Prior to feature extraction, the raw eye movement recordings (horizontal and vertical positional signal in degrees of visual angle) are preprocessed in order to classify the signal into parts corresponding to basic types of eye movement events, namely, fixations, saccades, and post-saccadic oscillations (see definitions in respective sections). The algorithm used to perform eye movement classification is a modified version of the velocity-based method presented in (19). The modifications focus on the adoption of thresholds and parameters that lead to optimum classification performance for the data of our reading text experiment. The accuracy of the algorithm was complementarily verified via visual screening of classified eye movement events.
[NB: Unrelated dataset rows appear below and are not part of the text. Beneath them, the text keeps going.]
(* For every $k\in\mathbb{Z}$, $$\partial_v\,\pi_k(z)=z\,\pi_k(z),\qquad \partial_q\,\pi_k(z)=z\,\pi_{k+1}(z),$$ where $\partial_v,\partial_q$ are the partial derivatives on $\mathbb{Q}[\tau,q,v]$ applied coefficientwise in $z$.
   Context: Let $\mathbb{L}_0\in\mathbb{Q}[\tau,q,v]((\Lambda^{-1}))$ be the Laurent series $$\mathbb{L}_0=K_0+\tau\sum_{n=0}^\infty\Bigl(\frac{\tau}{\Lambda}\Bigr)^n\sum_{k=0}^n(-1)^{n-k}{n\brack k}\frac{\log(K_0/\Lambda)^{n-k+1}}{(n-k+1)!}\Bigl(\frac{K_0}{\Lambda}\Bigr)^{-n},$$ where $K_0=\Lambda+v+q\Lambda^{-1}$, $\log(K_0/\Lambda)$ and $(K_0/\Lambda)^{-n}$ are expanded in powers of $\Lambda^{-1}$, and ${n\brack k}$ are the unsigned Stirling numbers of the first kind ($\sum_k{n\brack k}\tau^k=\prod_{j=0}^{n-1}(\tau+j)$). For $n\in\mathbb{Z}$ let $[n]!=\Gamma(\tau z+n+1)/\Gamma(\tau z+1)$, i.e. $[n]!=\prod_{j=1}^n(j+\tau z)$ for $n\ge0$ (with $1/[n]!$ expanded as a power series in $z$) and $1/[-m]!=\prod_{j=0}^{m-1}(\tau z-j)$ for $m>0$. Define $\pi_k(z)\in\mathbb{Q}[\tau,q,v]((z))$ by $$\sum_{n\in\mathbb{Z}}\frac{z^n}{[n]!}\mathbb{L}_0^n=\sum_{k\in\mathbb{Z}}\pi_k(z)\Lambda^k,$$ where $\mathbb{L}_0^n$ for $n<0$ is the inverse power in the commutative ring $\mathbb{Q}[\tau,q,v]((\Lambda^{-1}))$. *)

theory Defs
  imports "HOL-Computational_Algebra.Computational_Algebra" "HOL-Combinatorics.Stirling"
begin

unbundle fps_syntax

text \<open>The coefficient ring Q[tau,q,v], realised as nested univariate polynomials:
  outermost variable v, middle variable q, innermost variable tau.\<close>
type_synonym R = "rat poly poly poly"

definition cR :: "rat \<Rightarrow> R" where "cR c = [:[:[:c:]:]:]"
definition varV :: R where "varV = [:0, 1:]"
definition varQ :: R where "varQ = [:[:0, 1:]:]"
definition varT :: R where "varT = [:[:[:0, 1:]:]:]"

definition dV :: "R \<Rightarrow> R" where "dV = pderiv"
definition dQ :: "R \<Rightarrow> R" where "dQ = map_poly pderiv"

text \<open>Coefficientwise application of a map g (with g 0 = 0) to a Laurent series.\<close>
definition fls_cmap :: "(R \<Rightarrow> R) \<Rightarrow> R fls \<Rightarrow> R fls" where
  "fls_cmap g f = Abs_fls (\<lambda>m. g (f $$ m))"

text \<open>Power series in X = Lambda^-1.  PK = K0/Lambda = 1 + v X + q X^2.\<close>
definition PK :: "R fps" where
  "PK = 1 + fps_const varV * fps_X + fps_const varQ * fps_X ^ 2"

definition logPK :: "R fps" where
  "logPK = Abs_fps (\<lambda>m. cR (fps_ln (1::rat) $ m)) oo (PK - 1)"

definition PKinv :: "R fps" where
  "PKinv = fps_left_inverse PK 1"

text \<open>n-th summand (without the overall factor tau) of the series in the definition of L0.\<close>
definition Lterm :: "nat \<Rightarrow> R fps" where
  "Lterm n = fps_const (varT ^ n) * fps_X ^ n *
     (\<Sum>k\<le>n. fps_const (of_int ((-1) ^ (n - k) * int (stirling n k)) * cR (1 / fact (n - k + 1)))
              * logPK ^ (n - k + 1)) * PKinv ^ n"

text \<open>The X-adically convergent sum over n: the n-th summand has order at least n,
  so the coefficient of X^m only receives contributions from n \<le> m.\<close>
definition Ltail :: "R fps" where
  "Ltail = Abs_fps (\<lambda>m. \<Sum>n\<le>m. Lterm n $ m)"

text \<open>L0 as a Laurent series in X = Lambda^-1 (fls_X_inv = Lambda).\<close>
definition L0 :: "R fls" where
  "L0 = fls_X_inv + fls_const varV + fls_const varQ * fls_X + fls_const varT * fps_to_fls Ltail"

text \<open>Integer powers of L0 (inverse taken in the ring of Laurent series; L0 has leading coefficient 1).\<close>
definition Lpow :: "int \<Rightarrow> R fls" where
  "Lpow n = (if 0 \<le> n then L0 ^ nat n else fls_left_inverse L0 1 ^ nat (- n))"

definition recipfact :: "int \<Rightarrow> R fps" where
  "recipfact n = (if 0 \<le> n
     then fps_left_inverse (\<Prod>j\<in>{1..nat n}. fps_const (of_nat j) + fps_const varT * fps_X)
                           (cR (1 / fact (nat n)))
     else (\<Prod>j\<in>{0..<nat (- n)}. fps_const varT * fps_X - fps_const (of_nat j)))"

definition zterm :: "int \<Rightarrow> R fls" where
  "zterm n = fls_shift (- n) (fps_to_fls (recipfact n))"

text \<open>pi_k(z): coefficient of Lambda^k in sum_n z^n/[n]! L0^n.  The coefficient of Lambda^k
  of L0^n vanishes unless n \<ge> k, and z^n/[n]! has order \<ge> n, so the coefficient of z^m only
  receives contributions from k \<le> n \<le> m.\<close>
definition piK :: "int \<Rightarrow> R fls" where
  "piK k = Abs_fls (\<lambda>m. \<Sum>n\<in>{k..m}. zterm n $$ m * Lpow n $$ (- k))"

end

(* Put K = K0/Lambda and write L0 = Lambda P with P a power series in X = Lambda^-1.  The double
   sum defining L0 is the substitution x := tau X/K, y := log K into a two-variable series Y built
   from Stirling numbers: P = K (1 + x Y).  The recurrence of the Stirling numbers says that Y
   solves (1 - x) Y_y + x^2 Y_x = 1, and uniqueness of solutions of this first order equation
   yields Y_y (1 + x Y - x) = 1 + x Y.  After substitution this becomes, for every derivation D of
   the coefficient ring that kills tau and the rationals,  D L0 * (L0 - tau) = D K0 * L0.  So
   u_n = L0^(n-1) D L0 satisfies u_(n+1) - tau u_n = D K0 * L0^n, while D (L0^n) = n u_n and
   (n + tau z) z^n/[n]! = z z^(n-1)/[n-1]!.  Summation by parts over n turns D pi_k into
   z (D v * pi_k + D q * pi_(k+1)); the two claims are the cases D = d/dv and D = d/dq. *)

theory Submission
  imports Defs
begin

section \<open>Derivations acting coefficientwise on formal series\<close>

locale derivation =
  fixes d :: "'a::comm_ring_1 \<Rightarrow> 'a"
  assumes d_add: "d (x + y) = d x + d y"
      and d_mult: "d (x * y) = d x * y + x * d y"
begin

lemma d_0 [simp]: "d 0 = 0"
  using d_add[of 0 0] by simp

lemma d_1 [simp]: "d 1 = 0"
  using d_mult[of 1 1] by simp

lemma d_uminus: "d (- x) = - d x"
  using d_add[of x "- x"] by (simp add: eq_neg_iff_add_eq_0 add.commute)

lemma d_diff: "d (x - y) = d x - d y"
  using d_add[of x "- y"] by (simp add: d_uminus)

lemma d_sum: "d (sum f A) = (\<Sum>a\<in>A. d (f a))"
  by (induction A rule: infinite_finite_induct) (auto simp: d_add)

lemma d_of_nat [simp]: "d (of_nat n) = 0"
  by (induction n) (simp_all add: d_add)

lemma d_power: "d (x ^ n) = of_nat n * x ^ (n - 1) * d x"
proof (induction n)
  case (Suc n)
  then show ?case
    by (cases n) (auto simp: d_mult algebra_simps)
qed simp

lemma d_inverse:
  assumes "y * x = 1"
  shows "d y = - (y * y * d x)"
proof -
  have "d y * x + y * d x = 0"
    using d_mult[of y x] assms by simp
  then have "(d y * x + y * d x) * y = 0"
    by simp
  then have "d y * (y * x) + y * y * d x = 0"
    by (simp add: algebra_simps)
  then show ?thesis
    using assms by (simp add: eq_neg_iff_add_eq_0)
qed

end

definition fps_cmap :: "('a \<Rightarrow> 'b) \<Rightarrow> 'a fps \<Rightarrow> 'b fps" where
  "fps_cmap g f = Abs_fps (\<lambda>n. g (f $ n))"

lemma fps_cmap_nth [simp]: "fps_cmap g f $ n = g (f $ n)"
  by (simp add: fps_cmap_def)

definition fls_zero_below :: "'a::zero fls \<Rightarrow> int \<Rightarrow> bool" where
  "fls_zero_below f a \<longleftrightarrow> (\<forall>i<a. f $$ i = 0)"

lemma fls_zero_below_subdegree: "fls_zero_below f (fls_subdegree f)"
  by (simp add: fls_zero_below_def)

lemma fls_times_nth_bounded:
  fixes f g :: "'a::comm_ring_1 fls"
  assumes "fls_zero_below f a" "fls_zero_below g b"
  shows "(f * g) $$ n = (\<Sum>i=a..n - b. f $$ i * g $$ (n - i))"
proof (cases "f = 0 \<or> g = 0")
  case False
  then have a: "a \<le> fls_subdegree f" and b: "b \<le> fls_subdegree g"
    using assms by (auto intro!: fls_subdegree_geI simp: fls_zero_below_def)
  have "(f * g) $$ n = (\<Sum>i=fls_subdegree f..n - fls_subdegree g. f $$ i * g $$ (n - i))"
    by (rule fls_times_nth(2))
  also have "\<dots> = (\<Sum>i=a..n - b. f $$ i * g $$ (n - i))"
    by (rule sum.mono_neutral_left) (use a b in \<open>auto simp: not_le\<close>)
  finally show ?thesis .
qed auto

lemma fls_zero_below_mult:
  fixes f g :: "'a::comm_ring_1 fls"
  assumes "fls_zero_below f a" "fls_zero_below g b"
  shows "fls_zero_below (f * g) (a + b)"
  using fls_times_nth_bounded[OF assms] by (simp add: fls_zero_below_def)

lemma fls_zero_below_power:
  fixes f :: "'a::comm_ring_1 fls"
  assumes "fls_zero_below f a"
  shows "fls_zero_below (f ^ n) (int n * a)"
proof (induction n)
  case (Suc n)
  show ?case
    using fls_zero_below_mult[OF assms Suc] by (simp add: algebra_simps)
qed (simp add: fls_zero_below_def)

context derivation
begin

lemma fps_cmap_add: "fps_cmap d (f + g) = fps_cmap d f + fps_cmap d g"
  by (rule fps_ext) (simp add: d_add)

lemma fps_cmap_diff: "fps_cmap d (f - g) = fps_cmap d f - fps_cmap d g"
  by (rule fps_ext) (simp add: d_diff)

lemma fps_cmap_mult: "fps_cmap d (f * g) = fps_cmap d f * g + f * fps_cmap d g"
  by (rule fps_ext) (simp add: fps_mult_nth d_sum d_mult sum.distrib)

lemma fps_cmap_const [simp]: "fps_cmap d (fps_const c) = fps_const (d c)"
  by (rule fps_ext) simp

lemma fps_cmap_1 [simp]: "fps_cmap d 1 = 0"
  by (rule fps_ext) simp

lemma fps_cmap_X [simp]: "fps_cmap d fps_X = 0"
  by (rule fps_ext) (simp add: fps_X_def)

lemma fps_cmap_prod_eq_0:
  "(\<And>i. i \<in> A \<Longrightarrow> fps_cmap d (f i) = 0) \<Longrightarrow> fps_cmap d (prod f A) = 0"
  by (induction A rule: infinite_finite_induct) (auto simp: fps_cmap_mult)

lemma derivation_fps_cmap: "derivation (fps_cmap d)"
  by unfold_locales (simp_all add: fps_cmap_add fps_cmap_mult)

end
The extracted features generally fall in one of two categories: single-value features and multi-value features. For single-value features, a unique value is calculated for each recording by applying a collective model over the values from the instances of an event-type (fixation, saccade or post-saccadic oscillation). For multi-value features, six descriptive statistics are used to model the distributions offeature values extracted from all instances of an event-type in a recording, thus generating six respective feature subtypes. The used descriptive statistics are: the mean (Mn), median (Md), standard deviation (Sd), interquartile range (Iq), skewness (Sk), and kurtosis (Ku). The features are extracted from horizontal, vertical and/or radial profiles (the term profile refers to the variation of a quantity –position, velocity, acceleration– in time/sample domain), or from 2-D trajectory in space.

In List 1, we present various symbols and notation that will be used in the descriptions of feature extraction methods in following sections.

The term fixation is used to define the state when the eyes are focused on a specific area of interest, projecting the content of this area on the high-resolution processing region of the retina (fovea centralis). During fixation the eyes are not totally still but they perform various miniature movements: slow ocular drifts, small saccades (micro-saccades), and high-frequency tremors (sometimes referred as physiological nystagmus) (20). In next subsections, we describe different categories of features that can be extracted to represent temporal, positional, and dynamic characteristics of the eye movement signal during fixations.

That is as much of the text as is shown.